Я уехал от Ленни и по дороге вспомнил фильм, который нам крутили на вузовском курсе по физиологии: о человеке, которому выдали особую пару очков – в них мир казался перевернутым вверх тормашками и задом наперед. Мистер Кларксон предложил нам посмотреть это кино, чтобы показать, до чего замечательно умеет приспосабливаться человеческий ум. Ученые надевают эти очки человеку на голову, а по экрану пробегает предупреждение: «НЕ ПЫТАЙТЕСЬ ПОВТОРИТЬ ЭТО ДОМА!» Испытуемый носит очки день и ночь полтора месяца подряд. Поначалу все идет кувырком, человек падает, натыкается на предметы, его тошнит. А затем где-то недель через пять его мозг переворачивает картинку, и мир снова выглядит нормально. Испытуемый спокойно управляется с ежедневными делами, водит велосипед и даже автомобиль. Преображение настолько полно, что, стоит снять очки, как мир опять делается вверх тормашками, и требуется еще пять недель, чтобы мозг человека справился.

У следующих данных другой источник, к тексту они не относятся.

lemma card_herm_self_eq:
  assumes "c \<in> Fq"
  shows "card {z\<in>W. herm q m z z = c}
    = (q^2 - 1) * q * card perp + q^2 * card {w\<in>perp. herm q m w w = c}"
proof -
  have "card {z\<in>W. herm q m z z = c}
      = (\<Sum>w\<in>perp. card {p. tr (fst p * frob (snd p)) = c - herm q m w w})"
    unfolding card_filter_eq_sum_perp
    by (rule sum.cong[OF refl]) (auto simp: herm_hyp_sum_self eq_diff_eq intro!: arg_cong[where f = card])
  also have "\<dots> = (\<Sum>w\<in>perp. (if herm q m w w = c then q^2 else 0) + (q^2 - 1) * q)"
    using card_tr_pairs diff_in_Fq[OF assms herm_self_in_Fq] by (intro sum.cong) auto
  finally show ?thesis
    using finite_perp by (simp add: sum.distrib sum_if_const)
qed

lemma card_isotropic_herm_v_perp:
  assumes "y \<in> perp"
  shows "card {z\<in>W. herm q m z z = 0 \<and> herm q m z v = a \<and> herm q m z y = e}
    = (if a = 0 then q^2 * card {w\<in>perp. herm q m w w = 0 \<and> herm q m w y = e}
       else q * card {w\<in>perp. herm q m w y = e})"
proof -
  have fiber: "card {(a', b'). herm q m (hyp_sum w a' b') (hyp_sum w a' b') = 0 \<and>
      herm q m (hyp_sum w a' b') v = a \<and> herm q m (hyp_sum w a' b') y = e}
    = (if a = 0 then if herm q m w w = 0 \<and> herm q m w y = e then q^2 else 0
       else if herm q m w y = e then q else 0)" if "w \<in> perp" for w
  proof -
    have "{(a', b'). herm q m (hyp_sum w a' b') (hyp_sum w a' b') = 0 \<and>
        herm q m (hyp_sum w a' b') v = a \<and> herm q m (hyp_sum w a' b') y = e}
      = (if herm q m w y = e then Pair a ` {b. tr (a * frob b) = - herm q m w w} else {})"
      using that assms
      by (auto simp: herm_hyp_sum_self herm_hyp_sum_v herm_hyp_sum_left add_eq_0_iff2)
    then show ?thesis
      using card_tr_linear[OF minus_in_Fq[OF herm_self_in_Fq], of a m w] card_field
      by (simp add: card_image inj_on_def)
  qed
  have "card {z\<in>W. herm q m z z = 0 \<and> herm q m z v = a \<and> herm q m z y = e}
    = (\<Sum>w\<in>perp. if a = 0 then if herm q m w w = 0 \<and> herm q m w y = e then q^2 else 0
       else if herm q m w y = e then q else 0)"
    unfolding card_filter_eq_sum_perp by (rule sum.cong[OF refl]) (rule fiber)
  then show ?thesis
    using finite_perp by (cases "a = 0") (simp_all add: sum_if_const)
qed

Визиты к Ленни – все равно что нацеплять такие вот очки. Послушаешь его – и все получается строго наоборот по сравнению с тем, как оно выглядит: то, что справа, – слева, верх – внизу. Все плохое, что со мной произошло, – как выясняется, хорошо. Чтобы найти ответ, нужно бросить искать, а причина, почему я ответ не нахожу, – в том, что ответ прямо у меня перед носом.